_What is needed:_ Write out every record below exactly as it appears.

Collected data entries
Segment Open
lemma regular_dist_below_support: "\<forall>y\<in>I. x < y \<Longrightarrow> F x = 0"
  using regular by (simp add: regular_dist_def)

lemma regular_dist_above_support: "\<forall>y\<in>I. y < x \<Longrightarrow> F x = 1"
  using regular by (simp add: regular_dist_def)

lemma regular_dist_neg: "x < 0 \<Longrightarrow> F x = 0"
proof -
  assume "x < 0"
  then have "\<forall>y\<in>I. x < y" using regular_dist_support_nonneg by force
  then show "F x = 0" by (rule regular_dist_below_support)
qed

lemma regular_dist_nonneg: "F x \<ge> 0"
  using monoD[OF regular_dist_mono, of "min x (-1)" x] regular_dist_neg[of "min x (-1)"] by simp

lemma regular_dist_le_1: "F x \<le> 1"
proof (rule tendsto_le[OF trivial_limit_at_top_linorder regular_dist_tendsto_1 tendsto_const])
  show "\<forall>\<^sub>F y in at_top. F x \<le> F y"
    using monoD[OF regular_dist_mono] by (auto simp: eventually_at_top_linorder)
qed

lemma Fe_nonneg: "Fe F t \<ge> 0" and Fe_le_1: "Fe F t \<le> 1"
  using regular_dist_nonneg regular_dist_le_1 by (cases t; simp add: Fe_def)+

lemma regular_dist_exceeds: "r < 1 \<Longrightarrow> \<exists>b. F b > r"
  using order_tendstoD(1)[OF regular_dist_tendsto_1] by (metis eventually_at_top_linorder order_refl)

lemma regular_dist_attains:
  assumes "0 \<le> e" "e \<le> F b"
  shows "\<exists>s\<le>b. F s = e"
proof -
  have "F (min b (-1)) \<le> e" using regular_dist_neg[of "min b (-1)"] assms(1) by simp
  then obtain s where "s \<le> b" "F s = e"
    using IVT[of F "min b (-1)" e b, OF _ assms(2) min.cobounded1] regular_dist_isCont by blast
  then show ?thesis by blast
qed

text \<open>These points form an open subset of the support.\<close>
lemma regular_dist_interior: "{x. 0 < F x \<and> F x < 1} \<subseteq> interior I"
proof (rule interior_maximal)
  show "open {x. 0 < F x \<and> F x < 1}"
    using open_vimage[OF open_greaterThanLessThan regular_dist_continuous, of 0 1] by (simp add: vimage_def)
  show "{x. 0 < F x \<and> F x < 1} \<subseteq> I"
  proof
    fix x assume x: "x \<in> {x. 0 < F x \<and> F x < 1}"
    have "F x \<noteq> 0" "F x \<noteq> 1" using x by auto
    then have "\<not> (\<forall>y\<in>I. x < y)" "\<not> (\<forall>y\<in>I. y < x)"
      using regular_dist_below_support regular_dist_above_support by metis+
    then obtain a b where "a \<in> I" "a \<le> x" "b \<in> I" "x \<le> b"
      by (auto simp: not_less)
    moreover have "is_interval I" using regular by (simp add: regular_dist_def)
    ultimately show "x \<in> I" by (meson mem_is_interval_1_I)
  qed
qed

lemma regular_dist_interior_between:
  assumes "a \<le> y" "y \<le> b" "0 < F a" "F b < 1"
  shows "y \<in> interior I"
proof -
  have "F a \<le> F y" "F y \<le> F b" using assms(1,2) regular_dist_mono by (auto dest: monoD)
  then show ?thesis using regular_dist_interior assms(3,4) by auto
qed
Segment Closed
_Written reply:_
lemma regular_dist_below_support: "\<forall>y\<in>I. x < y \<Longrightarrow> F x = 0"
  using regular by (simp add: regular_dist_def)

lemma regular_dist_above_support: "\<forall>y\<in>I. y < x \<Longrightarrow> F x = 1"
  using regular by (simp add: regular_dist_def)

lemma regular_dist_neg: "x < 0 \<Longrightarrow> F x = 0"
proof -
  assume "x < 0"
  then have "\<forall>y\<in>I. x < y" using regular_dist_support_nonneg by force
  then show "F x = 0" by (rule regular_dist_below_support)
qed

lemma regular_dist_nonneg: "F x \<ge> 0"
  using monoD[OF regular_dist_mono, of "min x (-1)" x] regular_dist_neg[of "min x (-1)"] by simp

lemma regular_dist_le_1: "F x \<le> 1"
proof (rule tendsto_le[OF trivial_limit_at_top_linorder regular_dist_tendsto_1 tendsto_const])
  show "\<forall>\<^sub>F y in at_top. F x \<le> F y"
    using monoD[OF regular_dist_mono] by (auto simp: eventually_at_top_linorder)
qed

lemma Fe_nonneg: "Fe F t \<ge> 0" and Fe_le_1: "Fe F t \<le> 1"
  using regular_dist_nonneg regular_dist_le_1 by (cases t; simp add: Fe_def)+

lemma regular_dist_exceeds: "r < 1 \<Longrightarrow> \<exists>b. F b > r"
  using order_tendstoD(1)[OF regular_dist_tendsto_1] by (metis eventually_at_top_linorder order_refl)

lemma regular_dist_attains:
  assumes "0 \<le> e" "e \<le> F b"
  shows "\<exists>s\<le>b. F s = e"
proof -
  have "F (min b (-1)) \<le> e" using regular_dist_neg[of "min b (-1)"] assms(1) by simp
  then obtain s where "s \<le> b" "F s = e"
    using IVT[of F "min b (-1)" e b, OF _ assms(2) min.cobounded1] regular_dist_isCont by blast
  then show ?thesis by blast
qed

text \<open>These points form an open subset of the support.\<close>
lemma regular_dist_interior: "{x. 0 < F x \<and> F x < 1} \<subseteq> interior I"
proof (rule interior_maximal)
  show "open {x. 0 < F x \<and> F x < 1}"
    using open_vimage[OF open_greaterThanLessThan regular_dist_continuous, of 0 1] by (simp add: vimage_def)
  show "{x. 0 < F x \<and> F x < 1} \<subseteq> I"
  proof
    fix x assume x: "x \<in> {x. 0 < F x \<and> F x < 1}"
    have "F x \<noteq> 0" "F x \<noteq> 1" using x by auto
    then have "\<not> (\<forall>y\<in>I. x < y)" "\<not> (\<forall>y\<in>I. y < x)"
      using regular_dist_below_support regular_dist_above_support by metis+
    then obtain a b where "a \<in> I" "a \<le> x" "b \<in> I" "x \<le> b"
      by (auto simp: not_less)
    moreover have "is_interval I" using regular by (simp add: regular_dist_def)
    ultimately show "x \<in> I" by (meson mem_is_interval_1_I)
  qed
qed

lemma regular_dist_interior_between:
  assumes "a \<le> y" "y \<le> b" "0 < F a" "F b < 1"
  shows "y \<in> interior I"
proof -
  have "F a \<le> F y" "F y \<le> F b" using assms(1,2) regular_dist_mono by (auto dest: monoD)
  then show ?thesis using regular_dist_interior assms(3,4) by auto
qed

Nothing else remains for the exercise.